Biochemical studies are of great diagnostic importance: determination of sulfatides in blood and urine, assessment of aryl sulfatase A activity in leukocytes taken for blood analysis. Patients are advised to consult a geneticist with a genealogical study; DNA diagnostics is possible. A method of prenatal diagnosis of pathology has also been developed — determination of aryl sulfatase A activity in cells of amniotic fluid obtained during amniocentesis. Studies have shown that carriers of the pathogenic gene also have a reduced level of aryl sulfatase A. In this regard, instead of prenatal diagnosis of the fetus, it is proposed to examine the parents of the unborn child in order to avoid medical abortion of the fetus, which is only the carrier of the defective gene.
Treatment
Therapy that can prevent the fatal outcome of the disease has not yet been found. Treatment is carried out aimed at relieving its individual symptoms: anticonvulsant therapy, the fight against joint contractures; in the later stages — prevention of bedsores, parenteral nutrition. There is a search for more effective methods of treatment, especially in the field of gene therapy.

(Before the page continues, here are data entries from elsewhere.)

(* Let $\mu>0$ and $A=3\big(\frac{\pi\mu}{2}\big)^{2/3}$, $B=3\big(\frac{\mu^2}{4\pi}\big)^{2/3}$. For every $\delta\in(0,\tfrac16)$, as $N\to\infty$, $$Z_N^{(\mu)}=(e^\mu-1)\sqrt{\frac{\pi}{B}}\,\frac{\mu}{2}\,e^{-AN^{1/3}}N^{-5/6}4^N\big(1+O(N^{-\delta})\big).$$
   Context: $Z_N^{(\mu)}=\sum_{T:|T|=N}e^{-\mu h(T)}$, the sum over rooted planar trees (root of degree 1) with $N$ edges, $h(T)$ the height (maximal distance of a vertex from the root). *)

theory Defs
  imports "HOL-Analysis.Analysis" "HOL-Library.Landau_Symbols"
begin

datatype ptree = Node "ptree list"

fun edges :: "ptree \<Rightarrow> nat" where
  "edges (Node ts) = sum_list (map (\<lambda>t. Suc (edges t)) ts)"

fun height :: "ptree \<Rightarrow> nat" where
  "height (Node ts) = Max (insert 0 (set (map (\<lambda>t. Suc (height t)) ts)))"

definition planted_trees :: "nat \<Rightarrow> ptree set" where
  "planted_trees N = {T. (\<exists>t. T = Node [t]) \<and> edges T = N}"

definition Z :: "real \<Rightarrow> nat \<Rightarrow> real" where
  "Z \<mu> N = (\<Sum>T\<in>planted_trees N. exp (- \<mu> * real (height T)))"

end

theory Submission
  imports Defs "HOL-Probability.Distributions" "HOL-Real_Asymp.Real_Asymp"
begin

text \<open>Write \<open>Z (n + 1)\<close> as the sum of \<open>exp (- \<mu> (h t + 1))\<close> over the plane trees \<open>t\<close> with
  \<open>n\<close> edges. Summation by parts reduces it to the numbers of such trees of height at most \<open>k\<close>,
  i.e. of Dyck paths of length \<open>2 n\<close> confined to a strip, which the spectral form of the
  reflection principle counts as \<open>4^n (2/m) \<Sum>\<^sub>j sin(j\<pi>/m)^2 cos(j\<pi>/m)^(2n)\<close> with \<open>m = k + 2\<close>.
  Only \<open>j = 1\<close> matters, so \<open>Z (n + 1) \<approx> (e^\<mu> - 1) 4^n \<Sum>\<^sub>m 4\<pi>^2/m^3 exp (- \<pi>^2 n/m^2 - \<mu> m)\<close>.
  The exponent is minimal at \<open>m0 = (2\<pi>^2 n/\<mu>)^(1/3)\<close>, where it equals \<open>A n^(1/3)\<close>; a Gaussian
  window of half-width \<open>n^(2/9 - \<delta>/3)\<close> around \<open>m0\<close> yields the factor \<open>sqrt (\<pi>/B) n^(1/6)\<close>,
  and all other contributions are smaller by a factor \<open>n^-\<delta>\<close>.\<close>

section \<open>Trees of bounded height and walks in a strip\<close>

text \<open>A prefix of length \<open>L\<close> of a Dyck path that ends at level \<open>i\<close> and never rises above
  level \<open>k\<close> is encoded by the stack of the \<open>i + 1\<close> trees under construction in the
  depth-first traversal: the head is the tree currently being built at depth \<open>i\<close>, the tail
  holds its partially built ancestors, with already completed children in reverse order.\<close>

fun in_strip :: "nat \<Rightarrow> nat \<Rightarrow> ptree list \<Rightarrow> bool" where
  "in_strip k i [] = False"
| "in_strip k i (t # ts) =
     (height t + i \<le> k \<and> (if ts = [] then i = 0 else 0 < i \<and> in_strip k (i - 1) ts))"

Attempts are being made to treat by transplantation of bone marrow and umbilical cord blood. In a number of patients, stem cell transplantation makes it possible to achieve temporary stabilization of the condition and slow down the progression of pathological changes. The donor of stem cells is usually a relative of the patient who does not have leukodystrophy and has been thoroughly examined. However, it should be remembered that transplantation itself can entail a number of complications: rejection, intercurrent infections, a graft-versus-host reaction. In addition, with the rapid progression of symptoms, the fatal outcome outstrips the onset of the effect of transplantation.
Forecast
While no effective therapy for leukodystrophy has been found, it has an extremely unfavorable prognosis. With a congenital form, children do not live up to 1 year. In the late—childhood variant, the duration of the disease, as a rule, does not exceed 4 years, in the juvenile – 6 years. Among patients with an adult form, there are some cases when the life expectancy was about 50 years. So far, the only way to prevent leukodystrophy is to prevent the birth of a child with a corresponding gene mutation. In this regard, the main importance is genetic counseling of couples planning childbearing, as well as examination of future parents from the risk group for the degree of aryl sulfatase A activity.